Myself, Will and Dan are in an internet cafe at the moment sorting out a few photos and emails etc. and it's air conditioned, thank god. Dan and Will will argue that we've been really lucky with the weather but it's been a bit too hot for me, apparently it's been the driest March in decades so far, so instead of tipping it down like it did last year for Rob and Krystal up here, it's prettly much been blue skies all the way. Anyways, keep the emails coming and I'll try to reply when I get a spare sec.

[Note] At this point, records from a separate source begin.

(* Let $A$ be the $8$-dimensional Hopf algebra of the context and $\tau$ a Hopf automorphism of $A$, identified with the matrix $\begin{pmatrix}a&b\\c&d\end{pmatrix}$ by $\tau(x)=ax+by$, $\tau(y)=cx+dy$ (and $\tau(g)=g$). (1) If $\tau^2=1$ and $m$ is a positive even integer, then $\nu_{m,\tau}(A)=\frac{m^2}{2}\big(1+\det(\tau)\big)$; consequently $\nu_{m,\tau}(A)=m^2$ if $\det(\tau)=1$ and $\nu_{m,\tau}(A)=0$ if $\det(\tau)=-1$. (2) If $\tau^3=1$, then $\nu_{3,\tau}(A)=(\mathrm{Tr}(\tau)+\det(\tau))^2+(\mathrm{Tr}(\tau)+1)(1-\det(\tau))$; consequently $\nu_{3,\tau}(A)=9$ if $\tau=\mathrm{id}$ and $\nu_{3,\tau}(A)=0$ if $\tau\neq\mathrm{id}$.
   Context: $k$ is algebraically closed of characteristic $0$. $A=k\langle g,x,y\mid gx=-xg,\ gy=-yg,\ xy=-yx,\ g^2=1,\ x^2=y^2=0\rangle$ with $g$ grouplike, $\Delta(x)=x\otimes g+1\otimes x$, $\Delta(y)=y\otimes g+1\otimes y$, $\varepsilon(x)=\varepsilon(y)=0$, $S(g)=g$, $S(x)=gx$, $S(y)=gy$. Every Hopf automorphism of $A$ fixes $g$ and acts linearly and invertibly on $\mathrm{span}(x,y)$. For a Hopf automorphism $\tau$ whose order divides $m$, define $P_{m-1,\tau}(h)=\sum(\tau^{m-1}\cdot h_1)(\tau^{m-2}\cdot h_2)\cdots(\tau\cdot h_{m-1})$ (Sweedler notation) and the twisted Frobenius–Schur indicator $\nu_{m,\tau}(A)=\mathrm{Tr}(S\circ P_{m-1,\tau})$, the trace of the linear map $S\circ P_{m-1,\tau}:A\to A$. $\mathrm{Tr}(\tau)=a+d$ and $\det(\tau)=ad-bc$. *)

theory Defs
  imports "HOL-Computational_Algebra.Polynomial"
begin

text \<open>The 8-dimensional Hopf algebra A with basis the monomials g^i x^j y^k,
  i,j,k in {0,1}.  A basis index (i,j,k) is encoded as a triple of booleans
  (True = exponent 1).\<close>

type_synonym bidx = "bool \<times> bool \<times> bool"
type_synonym 'k hA = "bidx \<Rightarrow> 'k"
type_synonym 'k hAA = "bidx \<times> bidx \<Rightarrow> 'k"

definition ex :: "bool \<Rightarrow> nat" where "ex b = (if b then 1 else 0)"

definition bvec :: "bidx \<Rightarrow> 'k::field hA" where
  "bvec b = (\<lambda>b'. if b' = b then 1 else 0)"

definition oneA :: "'k::field hA" where "oneA = bvec (False, False, False)"
definition gA :: "'k::field hA" where "gA = bvec (True, False, False)"
definition xA :: "'k::field hA" where "xA = bvec (False, True, False)"
definition yA :: "'k::field hA" where "yA = bvec (False, False, True)"

text \<open>Product of basis monomials, using gx=-xg, gy=-yg, xy=-yx, g^2=1, x^2=y^2=0:
  (g^i x^j y^k)(g^i' x^j' y^k') = (-1)^(i'(j+k) + k j') g^(i+i') x^(j+j') y^(k+k').\<close>
definition multB :: "bidx \<Rightarrow> bidx \<Rightarrow> 'k::field hA" where
  "multB b b' = (case b of (i, j, k) \<Rightarrow> case b' of (i', j', k') \<Rightarrow>
     (if (j \<and> j') \<or> (k \<and> k') then (\<lambda>_. 0)
      else (\<lambda>c. (-1) ^ (ex i' * (ex j + ex k) + ex k * ex j') * bvec (i \<noteq> i', j \<or> j', k \<or> k') c)))"

definition multA :: "'k::field hA \<Rightarrow> 'k hA \<Rightarrow> 'k hA" where
  "multA v w = (\<lambda>c. \<Sum>b\<in>UNIV. \<Sum>b'\<in>UNIV. v b * w b' * multB b b' c)"

definition addA :: "'k::field hA \<Rightarrow> 'k hA \<Rightarrow> 'k hA" where
  "addA v w = (\<lambda>c. v c + w c)"

definition smultA :: "'k::field \<Rightarrow> 'k hA \<Rightarrow> 'k hA" where
  "smultA s v = (\<lambda>c. s * v c)"

definition tens :: "'k::field hA \<Rightarrow> 'k hA \<Rightarrow> 'k hAA" where
  "tens v w = (\<lambda>(b1, b2). v b1 * w b2)"

definition multAA :: "'k::field hAA \<Rightarrow> 'k hAA \<Rightarrow> 'k hAA" where
  "multAA t s = (\<lambda>(c1, c2). \<Sum>b1\<in>UNIV. \<Sum>b2\<in>UNIV. \<Sum>b1'\<in>UNIV. \<Sum>b2'\<in>UNIV.
      t (b1, b2) * s (b1', b2') * multB b1 b1' c1 * multB b2 b2' c2)"

definition pwA :: "'k::field hA \<Rightarrow> bool \<Rightarrow> 'k hA" where
  "pwA v e = (if e then v else oneA)"

definition pwAA :: "'k::field hAA \<Rightarrow> bool \<Rightarrow> 'k hAA" where
  "pwAA t e = (if e then t else tens oneA oneA)"

definition DeltaB :: "bidx \<Rightarrow> 'k::field hAA" where
  "DeltaB b = (case b of (i, j, k) \<Rightarrow>
     multAA (multAA (pwAA (tens gA gA) i)
                    (pwAA (\<lambda>p. tens xA gA p + tens oneA xA p) j))
            (pwAA (\<lambda>p. tens yA gA p + tens oneA yA p) k))"

definition epsA :: "'k::field hA \<Rightarrow> 'k" where
  "epsA v = (\<Sum>b\<in>UNIV. (case b of (i, j, k) \<Rightarrow> if \<not> j \<and> \<not> k then v b else 0))"

text \<open>Antipode: anti-algebra map with S(g)=g, S(x)=gx, S(y)=gy:
  S(g^i x^j y^k) = S(y)^k S(x)^j S(g)^i.\<close>
definition SB :: "bidx \<Rightarrow> 'k::field hA" where
  "SB b = (case b of (i, j, k) \<Rightarrow>
     multA (multA (pwA (multA gA yA) k) (pwA (multA gA xA) j)) (pwA gA i))"

definition SA :: "'k::field hA \<Rightarrow> 'k hA" where
  "SA v = (\<lambda>c. \<Sum>b\<in>UNIV. v b * SB b c)"

definition tauB :: "'k::field \<Rightarrow> 'k \<Rightarrow> 'k \<Rightarrow> 'k \<Rightarrow> bidx \<Rightarrow> 'k hA" where
  "tauB a b c d bb = (case bb of (i, j, k) \<Rightarrow>
     multA (multA (pwA gA i) (pwA (addA (smultA a xA) (smultA b yA)) j))
           (pwA (addA (smultA c xA) (smultA d yA)) k))"

definition tauA :: "'k::field \<Rightarrow> 'k \<Rightarrow> 'k \<Rightarrow> 'k \<Rightarrow> 'k hA \<Rightarrow> 'k hA" where
  "tauA a b c d v = (\<lambda>e. \<Sum>bb\<in>UNIV. v bb * tauB a b c d bb e)"

definition conv :: "('k::field hA \<Rightarrow> 'k hA) \<Rightarrow> ('k hA \<Rightarrow> 'k hA) \<Rightarrow> 'k hA \<Rightarrow> 'k hA" where
  "conv f1 f2 v = (\<lambda>e. \<Sum>b\<in>UNIV. v b * (\<Sum>b1\<in>UNIV. \<Sum>b2\<in>UNIV.
       DeltaB b (b1, b2) * multA (f1 (bvec b1)) (f2 (bvec b2)) e))"

text \<open>Iterated convolution: conv_list [f1,...,fn] h = sum f1(h_1) ... fn(h_n)
  (well defined by coassociativity); the empty convolution is the unit u o epsilon.\<close>
fun conv_list :: "('k::field hA \<Rightarrow> 'k hA) list \<Rightarrow> 'k hA \<Rightarrow> 'k hA" where
  "conv_list [] = (\<lambda>v. smultA (epsA v) oneA)"
| "conv_list [f] = f"
| "conv_list (f # fs) = conv f (conv_list fs)"

text \<open>P_{m-1,tau}(h) = sum (tau^(m-1) h_1)(tau^(m-2) h_2) ... (tau h_(m-1)).\<close>
definition Pmap :: "nat \<Rightarrow> ('k::field hA \<Rightarrow> 'k hA) \<Rightarrow> 'k hA \<Rightarrow> 'k hA" where
  "Pmap m tau = conv_list (map (\<lambda>i. tau ^^ i) (rev [1..<m]))"

definition traceA :: "('k::field hA \<Rightarrow> 'k hA) \<Rightarrow> 'k" where
  "traceA f = (\<Sum>b\<in>UNIV. f (bvec b) b)"

definition nu :: "nat \<Rightarrow> ('k::field hA \<Rightarrow> 'k hA) \<Rightarrow> 'k" where
  "nu m tau = traceA (SA \<circ> Pmap m tau)"

end

theory Submission
  imports Defs
begin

Here's what we've been doing in the last couple of weeks.

Travelblog has annoyed me with only letting me upload photos bigger than 1000 pixels (which takes ages), so I'm using another site for now:

www.getjealous.com/doublehard

also check out force's pics here as I couldn't be arsed to upload his again, or the ones from our underwater camera, which are definitely worth a peek:

www.getjealous.com/wilberforce3000

After Tokyo myself and Dan checked in to the Calypso Backpackers and had a couple of days before Will arrived from Alice Springs. We met all the hostel staff and the guys in our dorm, who were both Canadian and pretty sound lads. Doug had dyed blue triple mohawk hair, which looked a bit mad, but he was harmless. The other guy was called Scott and he ended up doing the dive course with us. Scott and Doug both worked at Calypso and Gilligans (bars in Carins) and took us on a night out that involved a lot of drinking and crawling. They have these "power hours" out here where you pay 10 bucks and can drink as much as you want for an hour, which is about 4 squid. The bar staff/door staff seem to be a lot stricter over here about drinking too much, which seems a bit odd when they allow these "power hours". i.e. we were told to finish our beers before we could order sambucas, which would never happen back home. Met some really cool people from all over the place, and both had banging headaches the next day (we actually slept in til 5pm (almost 12 hours sleep) but put some of this down to jetlag as well as the booze.

The next couple of days were spent chilling by the pool and checking out Cairns, which is a bit of a dump if I'm honest. The lagoon area is really nice, but I think that apart from that, it's just a place to organise trips to the surrounding islands, towns and reefs, as well as the white water rafting, bungy jumping (A.J. Hacket was at our hostel when we were there which was pretty cool) and skydiving you can do. We've decided to save these until New Zealand, which may turn out to be a schoolboy error as rafting in freezing water doesn't sound like much fun, but the 7m waterfalls you go over sound pretty cool.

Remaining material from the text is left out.